Fast Cloud 10-23-09 07:36 PM

Hmmm...I'd have to have my Road ID, St. Christopher, rear light flashing and my teeth clenched the whole way through something like that.

Speedwagon98 10-23-09 07:37 PM


Originally Posted by lambo_vt (Post 9912412)
...which drivers take just as seriously as "Share the Road" signs.

I'd guess it's in the same category as the "yield to pedestrians in crosswalk" signs. Once they are more prevalent, they get taken a bit more seriously. The signs are fairly common now, and people seem to obey them now as well. As of late, I see people hit the brakes for a crosswalk, just to sit there as the pedestrian is still 2 minutes away from even getting to the crosswalk. I suppose better safe than dead and all, but some more common sense could go into some people's driving styles.

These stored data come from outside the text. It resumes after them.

(* Let $2\le k<n$, $w=n-k$, and suppose there is an $(n,w,n-1)_q$ code of size $\frac{n(n-1)}{k(k-1)}$. Let $$R=\frac{(n-1)(n-k)}{k(k-1)},\qquad \widetilde P=\frac{(n-1)\big((n-k^2)(n-1)+k(k-1)^2\big)}{2k^2(k-1)^2},$$ $a=\lfloor R/(q-1)\rfloor$ and $b=R-a(q-1)$. Then $(q-1)\binom{a}{2}+ba\le\lfloor\widetilde P\rfloor$, and in particular $q-1\ge R-\lfloor\widetilde P\rfloor$.
   Context: $\mathbb{Z}_q=\{0,\dots,q-1\}$ (an alphabet); $\mathrm{wt}$ = number of nonzero coordinates; $d$ = Hamming distance; $J_q(n,w)$ = weight-$w$ words of $\mathbb{Z}_q^n$. An $(n,w,d)_q$ code of size $M$ is a subset $C\subseteq J_q(n,w)$ with $|C|=M$ and pairwise distances at least $d$. *)

theory Defs
  imports Complex_Main
begin

definition wt :: "nat list \<Rightarrow> nat" where
  "wt x = card {i. i < length x \<and> x ! i \<noteq> 0}"

definition hdist :: "nat list \<Rightarrow> nat list \<Rightarrow> nat" where
  "hdist x y = card {i. i < length x \<and> x ! i \<noteq> y ! i}"

definition J :: "nat \<Rightarrow> nat \<Rightarrow> nat \<Rightarrow> nat list set" where
  "J q n w = {x. length x = n \<and> set x \<subseteq> {0..<q} \<and> wt x = w}"

definition is_code :: "nat \<Rightarrow> nat \<Rightarrow> nat \<Rightarrow> nat \<Rightarrow> nat \<Rightarrow> nat list set \<Rightarrow> bool" where
  "is_code q n w d M C \<longleftrightarrow> C \<subseteq> J q n w \<and> card C = M \<and>
     (\<forall>x\<in>C. \<forall>y\<in>C. x \<noteq> y \<longrightarrow> hdist x y \<ge> d)"

end

theory Submission
  imports Defs
begin
theorem lemma2p3:
  fixes x :: "nat \<Rightarrow> 'a::semigroup_add"
  assumes "infinite (UNIV :: 'a set)"
    and "left_weakly_cancellative TYPE('a)"
    and "\<forall>e::'a. e + e \<noteq> e"
  shows "\<exists>y. sum_subsystem y x \<and> finiteness_of_finite_sums y"
proof -
  obtain G where G: "\<And>n. finite (G n) \<and> G n \<noteq> {} \<and> G (Suc n) \<subseteq> {Max (G n)<..}"
    and fresh: "\<And>n. fsum x (G (Suc n)) \<notin> forbidden (sums_upto (\<lambda>i. fsum x (G i)) n)"
    using exists_fresh_blocks[where x = x, OF assms(2,3)] by metis
  have "sum_subsystem (\<lambda>n. fsum x (G n)) x"
    using G by (rule sum_subsystem_of_blocks)
  moreover have "finiteness_of_finite_sums (\<lambda>n. fsum x (G n))"
    using fresh by (rule finiteness_of_finite_sums_if_fresh)
  ultimately show ?thesis by blast
qed

end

lambo_vt 10-23-09 07:43 PM


Originally Posted by Speedwagon98 (Post 9914761)
I'd guess it's in the same category as the "yield to pedestrians in crosswalk" signs. Once they are more prevalent, they get taken a bit more seriously. The signs are fairly common now, and people seem to obey them now as well. As of late, I see people hit the brakes for a crosswalk, just to sit there as the pedestrian is still 2 minutes away from even getting to the crosswalk. I suppose better safe than dead and all, but some more common sense could go into some people's driving styles.

Yeah, in all honesty I think it's dependent on traffic. The area here that has lanes like that would suck for cyclists regardless.

JFlurett 10-23-09 07:45 PM


Originally Posted by Speedwagon98 (Post 9914761)
I'd guess it's in the same category as the "yield to pedestrians in crosswalk" signs. Once they are more prevalent, they get taken a bit more seriously. The signs are fairly common now, and people seem to obey them now as well. As of late, I see people hit the brakes for a crosswalk, just to sit there as the pedestrian is still 2 minutes away from even getting to the crosswalk. I suppose better safe than dead and all, but some more common sense could go into some people's driving styles.

Indeed. Where I used to live 4 way stops were the bane of my existence. It seemed as though drivers fell into one of two categories. They effectively rolled through the intersection, regardless of other cars/pedestrians/bikes that may have already been there (potentially several cars deep).

Or the other group: They are already at the 4-way stop (stopped) as I am rolling up to it. I hope to have them go, so that I may slow down, check traffic, and keep rolling. What to they do? Sit there, so I have to stop, then proceed to wave me through. Everyone would be on their way, and faster, if common sense was used.

wheel 10-23-09 08:37 PM

Because most of the roads in America don't have a 200 foot right of way.

tcs 10-24-09 05:52 AM

Because they diverted funds from other projects to build it and no cyclists are using it.

tcs 10-24-09 06:04 AM

Say, how do they intend for a cyclist to make a left turn down at that interection? Scandinavian style and wait through two signal light cycles? Is there a separate set of bike signal lights? Is it still OK to leave the bike lane, merge across traffic and make a vehiclular left turn?

tcs

mikeybikes 10-24-09 07:36 AM


Originally Posted by tcs (Post 9916095)
Say, how do they intend for a cyclist to make a left turn down at that interection? Scandinavian style and wait through two signal light cycles? Is there a separate set of bike signal lights? Is it still OK to leave the bike lane, merge across traffic and make a vehiclular left turn?

This is a problem with all bike lanes. However, in Colorado, they expect you to merge into the proper vehicular lane to make your left turn. I'm fine with it.